> _About this exercise_:
Find the line containing "k\<bar> \<le> B ^ E *" in the records below. Copy exactly that line and each one after it, ending at the line containing "(B ^ E) ^ card", and nothing more.

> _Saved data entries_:
Segment Open

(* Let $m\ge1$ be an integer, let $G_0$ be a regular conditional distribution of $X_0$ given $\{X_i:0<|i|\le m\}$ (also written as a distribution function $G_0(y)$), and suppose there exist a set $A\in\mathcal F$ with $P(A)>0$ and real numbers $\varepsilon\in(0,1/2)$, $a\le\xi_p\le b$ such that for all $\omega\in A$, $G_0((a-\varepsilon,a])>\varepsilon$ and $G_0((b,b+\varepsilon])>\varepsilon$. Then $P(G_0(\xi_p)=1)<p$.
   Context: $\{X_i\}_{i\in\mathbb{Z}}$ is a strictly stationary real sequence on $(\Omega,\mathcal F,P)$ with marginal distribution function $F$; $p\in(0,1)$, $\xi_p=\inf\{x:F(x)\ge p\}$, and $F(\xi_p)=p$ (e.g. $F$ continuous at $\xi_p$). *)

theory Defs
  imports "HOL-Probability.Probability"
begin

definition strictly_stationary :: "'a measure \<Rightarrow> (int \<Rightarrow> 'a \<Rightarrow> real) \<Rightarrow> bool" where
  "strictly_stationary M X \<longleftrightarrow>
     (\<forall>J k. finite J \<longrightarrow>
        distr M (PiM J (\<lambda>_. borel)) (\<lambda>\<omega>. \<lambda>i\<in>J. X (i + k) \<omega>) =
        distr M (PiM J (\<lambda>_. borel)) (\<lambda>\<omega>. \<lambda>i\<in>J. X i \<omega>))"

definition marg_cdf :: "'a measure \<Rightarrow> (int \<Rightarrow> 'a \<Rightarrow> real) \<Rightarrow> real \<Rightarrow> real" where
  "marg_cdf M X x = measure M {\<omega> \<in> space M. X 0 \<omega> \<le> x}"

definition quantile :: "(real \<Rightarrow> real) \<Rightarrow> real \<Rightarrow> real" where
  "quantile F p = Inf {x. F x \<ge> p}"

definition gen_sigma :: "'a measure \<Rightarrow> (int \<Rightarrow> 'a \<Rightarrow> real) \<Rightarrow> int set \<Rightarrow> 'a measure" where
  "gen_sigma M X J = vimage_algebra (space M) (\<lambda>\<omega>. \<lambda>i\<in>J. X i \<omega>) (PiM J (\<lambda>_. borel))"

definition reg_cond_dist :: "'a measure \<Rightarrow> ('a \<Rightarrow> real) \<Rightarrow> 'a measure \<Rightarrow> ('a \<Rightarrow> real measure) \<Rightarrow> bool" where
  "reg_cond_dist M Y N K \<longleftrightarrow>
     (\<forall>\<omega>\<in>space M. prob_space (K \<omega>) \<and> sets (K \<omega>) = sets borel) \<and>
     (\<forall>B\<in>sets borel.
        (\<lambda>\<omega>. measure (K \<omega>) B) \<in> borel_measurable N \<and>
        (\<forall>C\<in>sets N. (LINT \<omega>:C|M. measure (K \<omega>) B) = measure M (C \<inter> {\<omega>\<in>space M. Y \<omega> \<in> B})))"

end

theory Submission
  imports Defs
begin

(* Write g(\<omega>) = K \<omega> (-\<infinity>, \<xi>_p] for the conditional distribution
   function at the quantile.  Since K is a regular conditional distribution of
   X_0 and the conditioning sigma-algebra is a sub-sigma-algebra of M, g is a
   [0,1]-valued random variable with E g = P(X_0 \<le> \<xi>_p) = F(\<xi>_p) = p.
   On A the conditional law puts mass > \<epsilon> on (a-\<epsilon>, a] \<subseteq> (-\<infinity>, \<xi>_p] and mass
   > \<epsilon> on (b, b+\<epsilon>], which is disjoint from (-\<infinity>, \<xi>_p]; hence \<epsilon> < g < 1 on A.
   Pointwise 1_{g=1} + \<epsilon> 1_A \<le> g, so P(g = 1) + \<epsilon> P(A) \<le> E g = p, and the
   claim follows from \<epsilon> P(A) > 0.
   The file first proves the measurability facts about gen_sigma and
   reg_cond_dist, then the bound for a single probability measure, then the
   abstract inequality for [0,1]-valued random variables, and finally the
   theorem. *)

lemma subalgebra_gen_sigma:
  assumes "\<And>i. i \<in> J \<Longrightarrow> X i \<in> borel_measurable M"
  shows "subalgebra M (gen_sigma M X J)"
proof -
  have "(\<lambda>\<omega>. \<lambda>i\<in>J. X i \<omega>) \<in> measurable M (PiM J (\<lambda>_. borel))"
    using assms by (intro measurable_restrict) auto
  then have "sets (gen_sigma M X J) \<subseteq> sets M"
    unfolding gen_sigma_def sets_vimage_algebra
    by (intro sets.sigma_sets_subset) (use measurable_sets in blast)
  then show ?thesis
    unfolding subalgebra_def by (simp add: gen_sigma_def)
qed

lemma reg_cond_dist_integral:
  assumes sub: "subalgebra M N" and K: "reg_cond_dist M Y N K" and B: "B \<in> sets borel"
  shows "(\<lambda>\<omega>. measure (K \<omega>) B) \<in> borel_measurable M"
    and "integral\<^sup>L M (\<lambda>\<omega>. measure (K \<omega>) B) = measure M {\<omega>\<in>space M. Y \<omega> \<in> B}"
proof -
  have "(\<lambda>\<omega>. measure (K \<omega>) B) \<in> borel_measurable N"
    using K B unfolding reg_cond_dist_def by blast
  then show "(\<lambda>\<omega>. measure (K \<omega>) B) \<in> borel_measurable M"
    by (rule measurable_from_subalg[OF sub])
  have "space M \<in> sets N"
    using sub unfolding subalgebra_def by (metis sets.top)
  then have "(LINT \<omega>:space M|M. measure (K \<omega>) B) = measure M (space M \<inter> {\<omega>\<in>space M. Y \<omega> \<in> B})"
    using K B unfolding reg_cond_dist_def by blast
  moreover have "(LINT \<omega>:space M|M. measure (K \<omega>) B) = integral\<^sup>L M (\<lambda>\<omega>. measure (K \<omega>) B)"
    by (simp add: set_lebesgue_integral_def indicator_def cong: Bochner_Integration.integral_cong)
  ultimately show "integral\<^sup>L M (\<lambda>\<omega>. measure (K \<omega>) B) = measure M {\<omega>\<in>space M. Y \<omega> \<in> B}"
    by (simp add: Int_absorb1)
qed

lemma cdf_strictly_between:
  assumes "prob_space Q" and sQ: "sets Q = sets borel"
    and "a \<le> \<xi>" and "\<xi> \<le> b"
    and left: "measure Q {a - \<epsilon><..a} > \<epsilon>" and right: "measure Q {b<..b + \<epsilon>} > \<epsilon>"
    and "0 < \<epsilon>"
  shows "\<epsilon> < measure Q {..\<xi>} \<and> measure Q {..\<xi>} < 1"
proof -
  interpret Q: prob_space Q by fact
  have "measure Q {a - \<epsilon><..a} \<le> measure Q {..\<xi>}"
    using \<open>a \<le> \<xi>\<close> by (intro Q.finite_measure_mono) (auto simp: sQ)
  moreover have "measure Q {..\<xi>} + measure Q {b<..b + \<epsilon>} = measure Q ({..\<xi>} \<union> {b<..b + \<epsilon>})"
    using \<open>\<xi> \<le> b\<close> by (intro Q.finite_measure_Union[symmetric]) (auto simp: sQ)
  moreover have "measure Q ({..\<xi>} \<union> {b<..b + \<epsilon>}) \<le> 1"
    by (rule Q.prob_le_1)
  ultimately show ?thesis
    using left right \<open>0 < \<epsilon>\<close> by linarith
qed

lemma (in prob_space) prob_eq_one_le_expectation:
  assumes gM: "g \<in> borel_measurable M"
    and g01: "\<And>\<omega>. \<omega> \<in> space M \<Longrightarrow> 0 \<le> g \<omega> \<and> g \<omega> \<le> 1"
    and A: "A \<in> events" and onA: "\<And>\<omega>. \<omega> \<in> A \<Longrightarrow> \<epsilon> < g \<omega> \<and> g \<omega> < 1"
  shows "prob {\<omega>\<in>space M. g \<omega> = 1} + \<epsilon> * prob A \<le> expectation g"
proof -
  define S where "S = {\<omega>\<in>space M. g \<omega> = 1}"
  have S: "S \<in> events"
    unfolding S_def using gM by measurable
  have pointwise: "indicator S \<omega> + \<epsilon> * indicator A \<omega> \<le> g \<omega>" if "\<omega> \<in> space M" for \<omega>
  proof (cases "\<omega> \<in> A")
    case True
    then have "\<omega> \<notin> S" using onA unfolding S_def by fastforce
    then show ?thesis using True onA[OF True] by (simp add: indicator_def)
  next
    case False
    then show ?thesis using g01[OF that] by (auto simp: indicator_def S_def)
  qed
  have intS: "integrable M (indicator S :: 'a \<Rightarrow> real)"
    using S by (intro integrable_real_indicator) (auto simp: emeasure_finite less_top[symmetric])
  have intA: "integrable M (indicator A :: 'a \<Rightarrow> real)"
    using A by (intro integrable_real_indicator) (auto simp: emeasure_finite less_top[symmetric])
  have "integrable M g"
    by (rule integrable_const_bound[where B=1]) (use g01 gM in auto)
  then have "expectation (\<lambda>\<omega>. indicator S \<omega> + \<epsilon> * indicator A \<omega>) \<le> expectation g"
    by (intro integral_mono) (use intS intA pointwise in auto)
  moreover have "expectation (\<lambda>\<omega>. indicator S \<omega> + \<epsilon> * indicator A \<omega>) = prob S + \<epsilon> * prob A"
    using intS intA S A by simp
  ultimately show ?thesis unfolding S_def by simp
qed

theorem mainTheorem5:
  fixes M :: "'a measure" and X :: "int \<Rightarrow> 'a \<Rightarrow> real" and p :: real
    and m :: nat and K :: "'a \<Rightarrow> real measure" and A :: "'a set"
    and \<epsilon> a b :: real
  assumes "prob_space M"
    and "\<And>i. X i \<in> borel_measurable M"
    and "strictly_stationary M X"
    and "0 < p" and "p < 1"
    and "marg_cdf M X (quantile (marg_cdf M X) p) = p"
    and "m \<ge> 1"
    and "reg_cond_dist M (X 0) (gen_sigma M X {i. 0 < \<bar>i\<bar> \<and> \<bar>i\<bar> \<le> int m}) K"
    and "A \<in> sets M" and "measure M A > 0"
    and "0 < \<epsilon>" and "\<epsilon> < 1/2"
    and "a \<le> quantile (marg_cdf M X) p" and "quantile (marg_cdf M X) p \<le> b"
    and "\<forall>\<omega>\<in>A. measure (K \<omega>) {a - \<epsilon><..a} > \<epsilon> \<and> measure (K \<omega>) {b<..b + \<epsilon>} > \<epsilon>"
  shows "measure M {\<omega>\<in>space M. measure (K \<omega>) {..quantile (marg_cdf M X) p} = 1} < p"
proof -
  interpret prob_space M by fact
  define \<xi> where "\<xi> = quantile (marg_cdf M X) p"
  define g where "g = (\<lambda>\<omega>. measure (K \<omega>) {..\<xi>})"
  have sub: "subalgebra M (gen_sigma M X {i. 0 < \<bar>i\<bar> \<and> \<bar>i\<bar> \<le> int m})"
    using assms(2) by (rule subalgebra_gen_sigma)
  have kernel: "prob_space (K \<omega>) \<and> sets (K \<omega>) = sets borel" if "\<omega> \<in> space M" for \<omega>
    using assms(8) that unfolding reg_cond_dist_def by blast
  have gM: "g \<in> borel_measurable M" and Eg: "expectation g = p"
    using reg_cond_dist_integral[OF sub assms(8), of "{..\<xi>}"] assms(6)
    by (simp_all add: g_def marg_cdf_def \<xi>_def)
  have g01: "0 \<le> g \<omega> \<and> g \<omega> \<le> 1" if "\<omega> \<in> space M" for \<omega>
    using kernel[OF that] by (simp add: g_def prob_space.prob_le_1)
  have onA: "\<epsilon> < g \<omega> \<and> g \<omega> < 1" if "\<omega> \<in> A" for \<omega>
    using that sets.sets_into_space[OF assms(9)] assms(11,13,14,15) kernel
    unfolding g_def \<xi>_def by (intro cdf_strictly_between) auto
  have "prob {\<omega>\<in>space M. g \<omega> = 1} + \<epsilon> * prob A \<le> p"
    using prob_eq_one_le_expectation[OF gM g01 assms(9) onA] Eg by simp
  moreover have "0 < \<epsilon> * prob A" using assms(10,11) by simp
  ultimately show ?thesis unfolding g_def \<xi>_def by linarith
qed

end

Segment Closed
Segment Open

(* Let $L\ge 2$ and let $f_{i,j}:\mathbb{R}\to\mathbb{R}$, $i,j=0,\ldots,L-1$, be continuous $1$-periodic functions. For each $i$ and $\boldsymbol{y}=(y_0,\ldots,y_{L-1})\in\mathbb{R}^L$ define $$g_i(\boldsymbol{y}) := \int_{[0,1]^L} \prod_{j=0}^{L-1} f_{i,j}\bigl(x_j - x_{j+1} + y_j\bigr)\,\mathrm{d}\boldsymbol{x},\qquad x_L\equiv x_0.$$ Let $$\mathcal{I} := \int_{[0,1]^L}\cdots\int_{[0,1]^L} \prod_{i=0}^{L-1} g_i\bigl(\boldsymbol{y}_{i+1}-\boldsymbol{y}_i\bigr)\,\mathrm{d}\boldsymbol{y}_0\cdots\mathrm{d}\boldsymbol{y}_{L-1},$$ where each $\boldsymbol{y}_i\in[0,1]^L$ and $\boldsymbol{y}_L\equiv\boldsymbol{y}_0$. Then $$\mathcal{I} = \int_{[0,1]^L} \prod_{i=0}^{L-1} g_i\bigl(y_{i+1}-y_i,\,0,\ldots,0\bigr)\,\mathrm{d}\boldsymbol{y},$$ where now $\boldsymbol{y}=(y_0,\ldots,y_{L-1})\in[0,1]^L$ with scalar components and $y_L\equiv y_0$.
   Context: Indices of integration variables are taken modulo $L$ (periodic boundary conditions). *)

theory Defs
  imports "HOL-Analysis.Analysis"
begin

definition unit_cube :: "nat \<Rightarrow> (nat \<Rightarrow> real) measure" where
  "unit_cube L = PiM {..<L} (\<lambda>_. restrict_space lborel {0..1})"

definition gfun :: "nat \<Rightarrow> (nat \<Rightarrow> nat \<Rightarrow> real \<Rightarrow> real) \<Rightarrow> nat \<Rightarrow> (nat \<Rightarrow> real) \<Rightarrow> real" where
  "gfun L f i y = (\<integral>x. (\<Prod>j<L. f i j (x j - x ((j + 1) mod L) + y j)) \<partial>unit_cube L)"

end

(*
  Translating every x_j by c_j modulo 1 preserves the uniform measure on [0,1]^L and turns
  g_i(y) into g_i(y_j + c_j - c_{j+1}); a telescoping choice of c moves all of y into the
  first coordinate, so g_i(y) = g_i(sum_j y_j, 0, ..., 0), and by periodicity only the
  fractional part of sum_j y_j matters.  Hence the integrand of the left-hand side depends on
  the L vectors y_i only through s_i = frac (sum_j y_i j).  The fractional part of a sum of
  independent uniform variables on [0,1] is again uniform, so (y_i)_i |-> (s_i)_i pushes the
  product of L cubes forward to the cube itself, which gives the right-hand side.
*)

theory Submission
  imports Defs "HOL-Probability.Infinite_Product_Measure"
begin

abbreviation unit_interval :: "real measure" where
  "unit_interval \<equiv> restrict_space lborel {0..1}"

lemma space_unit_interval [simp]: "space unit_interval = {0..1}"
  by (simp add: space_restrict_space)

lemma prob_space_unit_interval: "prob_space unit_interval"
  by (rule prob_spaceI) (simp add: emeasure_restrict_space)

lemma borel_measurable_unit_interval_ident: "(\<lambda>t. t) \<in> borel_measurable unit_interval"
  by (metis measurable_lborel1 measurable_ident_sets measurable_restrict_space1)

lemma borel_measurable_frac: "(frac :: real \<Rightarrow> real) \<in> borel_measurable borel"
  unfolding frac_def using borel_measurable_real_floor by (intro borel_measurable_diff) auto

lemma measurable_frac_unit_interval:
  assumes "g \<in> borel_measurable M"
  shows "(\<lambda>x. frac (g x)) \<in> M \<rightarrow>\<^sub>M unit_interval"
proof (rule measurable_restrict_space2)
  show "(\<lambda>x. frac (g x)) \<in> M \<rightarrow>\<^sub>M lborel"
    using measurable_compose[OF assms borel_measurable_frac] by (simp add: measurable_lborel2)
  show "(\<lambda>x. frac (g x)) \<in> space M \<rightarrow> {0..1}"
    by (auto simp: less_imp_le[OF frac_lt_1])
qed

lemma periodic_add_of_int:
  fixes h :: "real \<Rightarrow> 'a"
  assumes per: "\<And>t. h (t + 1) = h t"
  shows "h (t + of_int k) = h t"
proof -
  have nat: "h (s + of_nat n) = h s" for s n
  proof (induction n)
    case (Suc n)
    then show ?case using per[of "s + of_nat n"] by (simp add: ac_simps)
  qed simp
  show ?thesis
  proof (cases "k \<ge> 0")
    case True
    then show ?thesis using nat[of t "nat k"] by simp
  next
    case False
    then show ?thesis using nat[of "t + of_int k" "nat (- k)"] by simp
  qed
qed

Segment Closed
Segment Open

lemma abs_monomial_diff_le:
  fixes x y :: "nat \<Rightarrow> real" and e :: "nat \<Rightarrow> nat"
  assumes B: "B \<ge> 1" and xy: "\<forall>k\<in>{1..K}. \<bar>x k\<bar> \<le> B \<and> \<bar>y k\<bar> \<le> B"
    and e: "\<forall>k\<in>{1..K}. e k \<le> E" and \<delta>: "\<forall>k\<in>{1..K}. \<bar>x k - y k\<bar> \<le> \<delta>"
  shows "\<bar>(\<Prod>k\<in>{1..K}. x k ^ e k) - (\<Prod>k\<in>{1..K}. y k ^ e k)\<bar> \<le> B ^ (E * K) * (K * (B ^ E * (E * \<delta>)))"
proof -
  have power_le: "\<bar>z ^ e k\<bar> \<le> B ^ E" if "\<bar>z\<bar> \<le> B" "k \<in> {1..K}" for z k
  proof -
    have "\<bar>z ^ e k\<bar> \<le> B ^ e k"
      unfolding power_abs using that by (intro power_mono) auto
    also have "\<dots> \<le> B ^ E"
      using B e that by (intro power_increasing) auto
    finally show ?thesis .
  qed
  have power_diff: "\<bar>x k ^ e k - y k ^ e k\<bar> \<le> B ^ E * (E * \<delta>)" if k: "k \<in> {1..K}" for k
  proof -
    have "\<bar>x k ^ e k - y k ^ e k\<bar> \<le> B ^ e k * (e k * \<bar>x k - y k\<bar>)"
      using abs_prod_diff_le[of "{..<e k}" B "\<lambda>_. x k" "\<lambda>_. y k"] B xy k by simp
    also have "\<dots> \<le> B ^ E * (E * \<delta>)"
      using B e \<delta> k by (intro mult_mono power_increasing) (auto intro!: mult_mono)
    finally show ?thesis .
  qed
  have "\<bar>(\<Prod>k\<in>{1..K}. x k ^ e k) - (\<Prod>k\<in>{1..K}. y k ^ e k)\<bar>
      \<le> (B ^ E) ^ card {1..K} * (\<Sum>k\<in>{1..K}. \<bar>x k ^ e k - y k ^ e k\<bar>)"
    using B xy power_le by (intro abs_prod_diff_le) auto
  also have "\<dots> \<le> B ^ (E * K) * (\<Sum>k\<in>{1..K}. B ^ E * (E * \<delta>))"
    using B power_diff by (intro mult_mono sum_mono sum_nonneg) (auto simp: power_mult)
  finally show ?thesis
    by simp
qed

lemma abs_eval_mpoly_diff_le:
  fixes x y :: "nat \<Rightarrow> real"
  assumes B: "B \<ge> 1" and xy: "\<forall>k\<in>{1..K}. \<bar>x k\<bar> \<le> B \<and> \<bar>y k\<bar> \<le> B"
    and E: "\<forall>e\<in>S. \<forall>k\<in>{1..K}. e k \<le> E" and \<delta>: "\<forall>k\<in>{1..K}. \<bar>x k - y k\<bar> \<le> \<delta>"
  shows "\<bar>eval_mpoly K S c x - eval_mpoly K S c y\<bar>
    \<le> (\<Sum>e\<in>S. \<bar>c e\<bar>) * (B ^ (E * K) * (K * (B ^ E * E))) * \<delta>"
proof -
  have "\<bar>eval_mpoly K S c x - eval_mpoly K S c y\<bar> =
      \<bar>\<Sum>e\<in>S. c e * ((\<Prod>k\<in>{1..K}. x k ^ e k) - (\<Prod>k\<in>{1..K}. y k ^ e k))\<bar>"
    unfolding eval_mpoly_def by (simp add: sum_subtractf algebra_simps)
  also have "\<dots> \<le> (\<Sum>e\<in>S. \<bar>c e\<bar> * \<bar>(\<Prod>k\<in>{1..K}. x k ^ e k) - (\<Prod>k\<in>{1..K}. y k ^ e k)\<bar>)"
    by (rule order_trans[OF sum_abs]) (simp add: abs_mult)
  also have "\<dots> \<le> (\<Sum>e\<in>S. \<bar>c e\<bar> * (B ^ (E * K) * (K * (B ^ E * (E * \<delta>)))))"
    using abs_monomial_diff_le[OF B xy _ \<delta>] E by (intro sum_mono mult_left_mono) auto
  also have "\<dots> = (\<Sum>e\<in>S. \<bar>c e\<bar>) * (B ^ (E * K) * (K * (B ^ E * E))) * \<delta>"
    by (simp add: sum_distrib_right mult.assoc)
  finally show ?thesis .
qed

Segment Closed

> _Task solution_:
  have power_diff: "\<bar>x k ^ e k - y k ^ e k\<bar> \<le> B ^ E * (E * \<delta>)" if k: "k \<in> {1..K}" for k
  proof -
    have "\<bar>x k ^ e k - y k ^ e k\<bar> \<le> B ^ e k * (e k * \<bar>x k - y k\<bar>)"
      using abs_prod_diff_le[of "{..<e k}" B "\<lambda>_. x k" "\<lambda>_. y k"] B xy k by simp
    also have "\<dots> \<le> B ^ E * (E * \<delta>)"
      using B e \<delta> k by (intro mult_mono power_increasing) (auto intro!: mult_mono)
    finally show ?thesis .
  qed
  have "\<bar>(\<Prod>k\<in>{1..K}. x k ^ e k) - (\<Prod>k\<in>{1..K}. y k ^ e k)\<bar>
      \<le> (B ^ E) ^ card {1..K} * (\<Sum>k\<in>{1..K}. \<bar>x k ^ e k - y k ^ e k\<bar>)"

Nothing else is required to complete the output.